The Biograph closed in 1996. The Key was razed in December 1997, replaced by a Restoration Hardware store. Mr. Levy maintained a lease on the building and made much more money from the retail outlet.

He remained sentimental about his cinematic enterprise. He continued hosting at various theaters the Key Sunday Cinema Club, which featured a pre-release screening of an independent movie and conversation with a film critic.

Simon David Levy, a native Washingtonian and resident, was the son of a Georgetown menswear merchant and real estate holder. His father, Samuel, was credited with refurbishing the once-seedy area near the Key Bridge.

The younger Levy was a 1955 graduate of Sidwell Friends School, a 1959 graduate of the University of Wisconsin and a 1962 graduate of Harvard Law School.

While at Harvard, he was first exposed to the art-house films and foreign imports that were beginning to attract and influence U.S. audiences and filmmakers.

"I got my film education there while nominally preparing for a legal career," he told a reporter.

Early on, he did legal work for the National Labor Relations Board and the National Capital Planning Commission.
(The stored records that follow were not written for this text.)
(* Let $G$ be a finite simple graph with a clique vertex-partition $\Pi=\{W_1,\dots,W_p\}$, and let $t\ge 2$ be an integer. Then (1) $\dim \mathrm{CF}_t(G(\Pi,t)) = p(t-1)-1$, and (2) $\mathrm{CF}_t(G(\Pi,t))$ is pure.
   Context: A clique vertex-partition of $G$ is a collection $\Pi=\{W_1,\dots,W_p\}$ of pairwise disjoint (possibly empty) vertex sets each inducing a clique in $G$, whose union is $V(G)$. The $t$-clique whiskering $G(\Pi,t)$ is obtained from $G$ by adding, for each $1\le i\le p$, $t-1$ new distinct vertices $x_{i,1},\dots,x_{i,t-1}$ (all new vertices distinct from each other and from $V(G)$) and adding edges so that $W_i\cup\{x_{i,1},\dots,x_{i,t-1}\}$ becomes a clique; no other edges are added. $\mathrm{CF}_t(\cdot)$ is the simplicial complex on the vertex set whose faces are the vertex subsets inducing no clique on $t$ vertices. The dimension of a complex is the maximum of $|F|-1$ over faces $F$; a complex is pure if all facets have the same dimension. *)

theory Defs
  imports Main
begin

definition simple_graph :: "'a set \<Rightarrow> ('a \<Rightarrow> 'a \<Rightarrow> bool) \<Rightarrow> bool" where
  "simple_graph V E \<longleftrightarrow> finite V \<and> (\<forall>x y. E x y \<longrightarrow> x \<in> V \<and> y \<in> V)
     \<and> (\<forall>x y. E x y \<longrightarrow> E y x) \<and> (\<forall>x. \<not> E x x)"

definition is_clique :: "'a set \<Rightarrow> ('a \<Rightarrow> 'a \<Rightarrow> bool) \<Rightarrow> 'a set \<Rightarrow> bool" where
  "is_clique V E S \<longleftrightarrow> S \<subseteq> V \<and> (\<forall>x\<in>S. \<forall>y\<in>S. x \<noteq> y \<longrightarrow> E x y)"

text \<open>A clique vertex-partition W_0, ..., W_(p-1) (possibly empty blocks).\<close>

definition clique_vertex_partition ::
  "'a set \<Rightarrow> ('a \<Rightarrow> 'a \<Rightarrow> bool) \<Rightarrow> nat \<Rightarrow> (nat \<Rightarrow> 'a set) \<Rightarrow> bool" where
  "clique_vertex_partition V E p W \<longleftrightarrow>
     (\<forall>i<p. is_clique V E (W i)) \<and>
     (\<forall>i<p. \<forall>j<p. i \<noteq> j \<longrightarrow> W i \<inter> W j = {}) \<and>
     (\<Union>i<p. W i) = V"

text \<open>t-clique whiskering: old vertices are Inl v, new vertex x_{i,j} is Inr (i,j)
with i < p and j < t - 1.\<close>

definition whisker_vertices :: "'a set \<Rightarrow> nat \<Rightarrow> nat \<Rightarrow> ('a + nat \<times> nat) set" where
  "whisker_vertices V p t = Inl ` V \<union> Inr ` {(i, j). i < p \<and> j < t - 1}"

fun whisker_edges ::
  "('a \<Rightarrow> 'a \<Rightarrow> bool) \<Rightarrow> nat \<Rightarrow> (nat \<Rightarrow> 'a set) \<Rightarrow> nat \<Rightarrow>
   ('a + nat \<times> nat) \<Rightarrow> ('a + nat \<times> nat) \<Rightarrow> bool" where
  "whisker_edges E p W t (Inl u) (Inl v) = E u v"
| "whisker_edges E p W t (Inl u) (Inr (i, j)) = (i < p \<and> j < t - 1 \<and> u \<in> W i)"
| "whisker_edges E p W t (Inr (i, j)) (Inl u) = (i < p \<and> j < t - 1 \<and> u \<in> W i)"
| "whisker_edges E p W t (Inr (i, j)) (Inr (i', j')) =
     (i < p \<and> j < t - 1 \<and> i' = i \<and> j' < t - 1 \<and> j \<noteq> j')"

definition clique_free_complex :: "'b set \<Rightarrow> ('b \<Rightarrow> 'b \<Rightarrow> bool) \<Rightarrow> nat \<Rightarrow> 'b set set" where
  "clique_free_complex V E t =
     {F. F \<subseteq> V \<and> \<not> (\<exists>S. S \<subseteq> F \<and> card S = t \<and> is_clique V E S)}"

definition complex_dim :: "'b set set \<Rightarrow> int" where
  "complex_dim K = Max ((\<lambda>F. int (card F) - 1) ` K)"

definition facets :: "'b set set \<Rightarrow> 'b set set" where
  "facets K = {F \<in> K. \<forall>G\<in>K. F \<subseteq> G \<longrightarrow> G = F}"

definition pure_complex :: "'b set set \<Rightarrow> bool" where
  "pure_complex K \<longleftrightarrow> (\<forall>F\<in>facets K. \<forall>G\<in>facets K. int (card F) - 1 = int (card G) - 1)"

end

theory Submission
  imports Defs
begin

text \<open>The blocks \<open>B\<^sub>i = W\<^sub>i \<union> {x\<^sub>i\<^sub>,\<^sub>1, \<dots>, x\<^sub>i\<^sub>,\<^sub>t\<^sub>-\<^sub>1}\<close> are pairwise disjoint cliques covering
  \<open>G(\<Pi>, t)\<close>, so a face of \<open>CF\<^sub>t\<close> meets each block in at most \<open>t - 1\<close> vertices. If a face
  meets \<open>B\<^sub>i\<close> in fewer vertices, it misses some whisker \<open>x\<^sub>i\<^sub>,\<^sub>j\<close>; since the closed
  neighbourhood of \<open>x\<^sub>i\<^sub>,\<^sub>j\<close> is \<open>B\<^sub>i\<close>, adding it creates no \<open>t\<close>-clique. Hence every facet meets
  every block in exactly \<open>t - 1\<close> vertices and has \<open>p(t - 1)\<close> elements, which gives purity,
  and the dimension because a face of maximum size is a facet.\<close>

lemma is_clique_subset: "is_clique V E C \<Longrightarrow> S \<subseteq> C \<Longrightarrow> is_clique V E S"
  by (auto simp: is_clique_def)

lemma empty_in_clique_free_complex: "t > 0 \<Longrightarrow> {} \<in> clique_free_complex V E t"
  by (auto simp: clique_free_complex_def)

lemma finite_clique_free_complex: "finite V \<Longrightarrow> finite (clique_free_complex V E t)"
  by (rule finite_subset[of _ "Pow V"]) (auto simp: clique_free_complex_def)

lemma card_inter_clique_le:
  assumes "F \<in> clique_free_complex V E t" and "is_clique V E C"
  shows "card (F \<inter> C) \<le> t - 1"
proof (rule ccontr)
  assume "\<not> card (F \<inter> C) \<le> t - 1"
  then have "t \<le> card (F \<inter> C)" by simp
  then obtain S where "S \<subseteq> F \<inter> C" "card S = t"
    by (meson obtain_subset_with_card_n)
  with assms show False
    by (auto simp: clique_free_complex_def dest: is_clique_subset)
qed

text \<open>Every clique through \<open>x\<close> lies inside \<open>C\<close>, so a \<open>t\<close>-clique in \<open>insert x F\<close> would
  put \<open>t - 1\<close> vertices of \<open>F\<close> into \<open>C\<close>.\<close>

lemma insert_in_clique_free_complex:
  assumes F: "F \<in> clique_free_complex V E t"
    and x: "x \<in> V" "x \<in> C" and nbhd: "\<And>y. E x y \<Longrightarrow> y \<in> C"
    and "finite C" and small: "card (F \<inter> C) < t - 1"
  shows "insert x F \<in> clique_free_complex V E t"
proof -
  have "False" if S: "S \<subseteq> insert x F" "card S = t" "is_clique V E S" for S
  proof (cases "x \<in> S")
    case False
    with S F show False by (auto simp: clique_free_complex_def)
  next
    case True
    with S nbhd have "S - {x} \<subseteq> F \<inter> C" by (fastforce simp: is_clique_def)
    with \<open>finite C\<close> have "card (S - {x}) \<le> card (F \<inter> C)" by (intro card_mono) auto
    moreover have "card (S - {x}) = t - 1"
      using True S(2) small by (simp add: card.infinite)
    ultimately show False using small by simp
  qed
  with F x(1) show ?thesis unfolding clique_free_complex_def by blast
qed

lemma max_card_in_facets:
  assumes "F \<in> K" and "\<And>G. G \<in> K \<Longrightarrow> finite G" and "\<And>G. G \<in> K \<Longrightarrow> card G \<le> card F"
  shows "F \<in> facets K"
  unfolding facets_def using assms card_seteq by blast

lemma complex_dim_eq_facet_card:
  assumes "finite K" "K \<noteq> {}" and fin: "\<And>G. G \<in> K \<Longrightarrow> finite G"
    and facet_card: "\<And>F. F \<in> facets K \<Longrightarrow> card F = n"
  shows "complex_dim K = int n - 1"
proof -
  have "Max (card ` K) \<in> card ` K" using assms(1,2) by simp
  then obtain F where "F \<in> K" and "card F = Max (card ` K)" by auto
  have F_max: "card G \<le> card F" if "G \<in> K" for G
    using \<open>card F = Max (card ` K)\<close> that \<open>finite K\<close> by simp
  then have "card F = n"
    using facet_card max_card_in_facets[OF \<open>F \<in> K\<close> fin] by blast
  show ?thesis
    unfolding complex_dim_def
  proof (rule Max_eqI)
    show "finite ((\<lambda>F. int (card F) - 1) ` K)" using \<open>finite K\<close> by simp
    show "int n - 1 \<in> (\<lambda>F. int (card F) - 1) ` K"
      using \<open>F \<in> K\<close> \<open>card F = n\<close> by force
  next
    fix y assume "y \<in> (\<lambda>F. int (card F) - 1) ` K"
    then obtain G where "G \<in> K" "y = int (card G) - 1" by blast
    with F_max \<open>card F = n\<close> show "y \<le> int n - 1" by fastforce
  qed
qed

lemma pure_complex_if_facets_card: "(\<And>F. F \<in> facets K \<Longrightarrow> card F = n) \<Longrightarrow> pure_complex K"
  by (simp add: pure_complex_def)

definition whisker_block :: "(nat \<Rightarrow> 'a set) \<Rightarrow> nat \<Rightarrow> nat \<Rightarrow> ('a + nat \<times> nat) set" where
  "whisker_block W t i = Inl ` W i \<union> Inr ` ({i} \<times> {..<t - 1})"

lemma card_whiskers: "card (Inr ` ({i} \<times> {..<t - 1}) :: ('a + nat \<times> nat) set) = t - 1"
  by (simp add: card_image)

lemma finite_whisker_block:
  "clique_vertex_partition V E p W \<Longrightarrow> finite V \<Longrightarrow> i < p \<Longrightarrow> finite (whisker_block W t i)"
  by (auto simp: whisker_block_def clique_vertex_partition_def intro: finite_subset)

lemma whisker_block_disjoint:
  "clique_vertex_partition V E p W \<Longrightarrow> i < p \<Longrightarrow> j < p \<Longrightarrow> i \<noteq> j \<Longrightarrow>
     whisker_block W t i \<inter> whisker_block W t j = {}"
  by (auto simp: whisker_block_def clique_vertex_partition_def)

lemma whisker_vertices_eq_UN_whisker_block:
  "clique_vertex_partition V E p W \<Longrightarrow> whisker_vertices V p t = (\<Union>i<p. whisker_block W t i)"
  by (fastforce simp: whisker_vertices_def whisker_block_def clique_vertex_partition_def is_clique_def)

lemma is_clique_whisker_block:
  assumes "clique_vertex_partition V E p W" "i < p"
  shows "is_clique (whisker_vertices V p t) (whisker_edges E p W t) (whisker_block W t i)"
proof -
  have "is_clique V E (W i)" using assms by (simp add: clique_vertex_partition_def)
  show ?thesis
    unfolding is_clique_def
  proof (intro conjI ballI impI)
    show "whisker_block W t i \<subseteq> whisker_vertices V p t"
      using assms whisker_vertices_eq_UN_whisker_block[OF assms(1)] by auto
    fix x y assume "x \<in> whisker_block W t i" "y \<in> whisker_block W t i" "x \<noteq> y"
    with \<open>is_clique V E (W i)\<close> \<open>i < p\<close> show "whisker_edges E p W t x y"
      by (fastforce simp: whisker_block_def is_clique_def)
  qed
qed

lemma whisker_edges_whisker_in_block:
  "whisker_edges E p W t (Inr (i, j)) y \<Longrightarrow> y \<in> whisker_block W t i"
  by (cases y) (auto simp: whisker_block_def)

lemma card_whisker_facet_inter_block:
  assumes partition: "clique_vertex_partition V E p W" and "finite V" "i < p"
    and facet: "F \<in> facets (clique_free_complex (whisker_vertices V p t) (whisker_edges E p W t) t)"
  shows "card (F \<inter> whisker_block W t i) = t - 1"
proof (rule antisym)
  let ?K = "clique_free_complex (whisker_vertices V p t) (whisker_edges E p W t) t"
  have F: "F \<in> ?K" and F_max: "\<And>G. G \<in> ?K \<Longrightarrow> F \<subseteq> G \<Longrightarrow> G = F"
    using facet by (auto simp: facets_def)
  have block_clique: "is_clique (whisker_vertices V p t) (whisker_edges E p W t) (whisker_block W t i)"
    using partition \<open>i < p\<close> by (rule is_clique_whisker_block)
  with F show "card (F \<inter> whisker_block W t i) \<le> t - 1"
    by (rule card_inter_clique_le)
  have fin_block: "finite (whisker_block W t i)"
    using partition \<open>finite V\<close> \<open>i < p\<close> by (rule finite_whisker_block)
  show "t - 1 \<le> card (F \<inter> whisker_block W t i)"
  proof (rule ccontr)
    assume small: "\<not> t - 1 \<le> card (F \<inter> whisker_block W t i)"
    have "\<exists>j < t - 1. Inr (i, j) \<notin> F"
    proof (rule ccontr)
      assume "\<not> (\<exists>j < t - 1. Inr (i, j) \<notin> F)"
      then have "Inr ` ({i} \<times> {..<t - 1}) \<subseteq> F \<inter> whisker_block W t i"
        by (auto simp: whisker_block_def)
      with fin_block have "t - 1 \<le> card (F \<inter> whisker_block W t i)"
        using card_mono[of "F \<inter> whisker_block W t i"] card_whiskers by (metis finite_Int)
      with small show False ..
    qed
    then obtain j where j: "j < t - 1" "Inr (i, j) \<notin> F" by blast
    have "insert (Inr (i, j)) F \<in> ?K"
    proof (rule insert_in_clique_free_complex[OF F])
      show "Inr (i, j) \<in> whisker_vertices V p t"
        using j \<open>i < p\<close> by (simp add: whisker_vertices_def)
      show "Inr (i, j) \<in> whisker_block W t i"
        using j by (simp add: whisker_block_def)
    qed (use fin_block small whisker_edges_whisker_in_block in auto)
    with F_max j show False by blast
  qed
qed

lemma card_whisker_facet:
  assumes partition: "clique_vertex_partition V E p W" and "finite V"
    and facet: "F \<in> facets (clique_free_complex (whisker_vertices V p t) (whisker_edges E p W t) t)"
  shows "card F = p * (t - 1)"
proof -
  have "F \<subseteq> whisker_vertices V p t"
    using facet by (simp add: facets_def clique_free_complex_def)
  then have "F = (\<Union>i<p. F \<inter> whisker_block W t i)"
    using whisker_vertices_eq_UN_whisker_block[OF partition] by blast
  also have "card \<dots> = (\<Sum>i<p. card (F \<inter> whisker_block W t i))"
  proof (rule card_UN_disjoint)
    show "\<forall>i\<in>{..<p}. finite (F \<inter> whisker_block W t i)"
      using finite_whisker_block[OF partition \<open>finite V\<close>] by blast
    show "\<forall>i\<in>{..<p}. \<forall>j\<in>{..<p}. i \<noteq> j \<longrightarrow>
        (F \<inter> whisker_block W t i) \<inter> (F \<inter> whisker_block W t j) = {}"
      using whisker_block_disjoint[OF partition] by blast
  qed simp
  also have "\<dots> = p * (t - 1)"
    using card_whisker_facet_inter_block[OF partition \<open>finite V\<close> _ facet] by simp
  finally show ?thesis .
qed

lemma finite_whisker_vertices: "finite V \<Longrightarrow> finite (whisker_vertices V p t)"
  unfolding whisker_vertices_def
  by (auto intro: finite_subset[of _ "{..<p} \<times> {..<t - 1}"])

theorem theorem4p8:
  fixes V :: "'a set" and E :: "'a \<Rightarrow> 'a \<Rightarrow> bool"
    and p :: nat and W :: "nat \<Rightarrow> 'a set" and t :: nat
  assumes "simple_graph V E"
    and "clique_vertex_partition V E p W"
    and "t \<ge> 2"
  shows "complex_dim (clique_free_complex (whisker_vertices V p t) (whisker_edges E p W t) t)
           = int p * (int t - 1) - 1
         \<and> pure_complex (clique_free_complex (whisker_vertices V p t) (whisker_edges E p W t) t)"
proof -
  let ?K = "clique_free_complex (whisker_vertices V p t) (whisker_edges E p W t) t"
  have "finite V" using assms(1) by (simp add: simple_graph_def)
  then have fin_vertices: "finite (whisker_vertices V p t)" by (rule finite_whisker_vertices)
  have facet_card: "\<And>F. F \<in> facets ?K \<Longrightarrow> card F = p * (t - 1)"
    using card_whisker_facet[OF assms(2) \<open>finite V\<close>] .
  have "complex_dim ?K = int (p * (t - 1)) - 1"
  proof (rule complex_dim_eq_facet_card[OF _ _ _ facet_card])
    show "finite ?K" using fin_vertices by (rule finite_clique_free_complex)
    have "{} \<in> ?K" using assms(3) by (simp add: empty_in_clique_free_complex)
    then show "?K \<noteq> {}" by blast
    show "\<And>G. G \<in> ?K \<Longrightarrow> finite G"
      using fin_vertices unfolding clique_free_complex_def by (blast intro: finite_subset)
  qed
  moreover have "int (p * (t - 1)) = int p * (int t - 1)" using assms(3) by (simp add: of_nat_diff)
  ultimately show ?thesis using pure_complex_if_facets_card[OF facet_card] by simp
qed

end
He also had a private practice.

He was a former president of the Georgetown Business and Professional Association and a board member of the Alexander Graham Bell Association for the Deaf and Hard of Hearing. His daughter is hearing impaired.

Survivors include his wife, Seena Schnall Levy, whom he married in 1966, of Washington; two children, Karena M. Levy of Washington and Benjamin Levy of Los Angeles; and two brothers, Richard H. Levy and Philip G. Levy, both of Washington.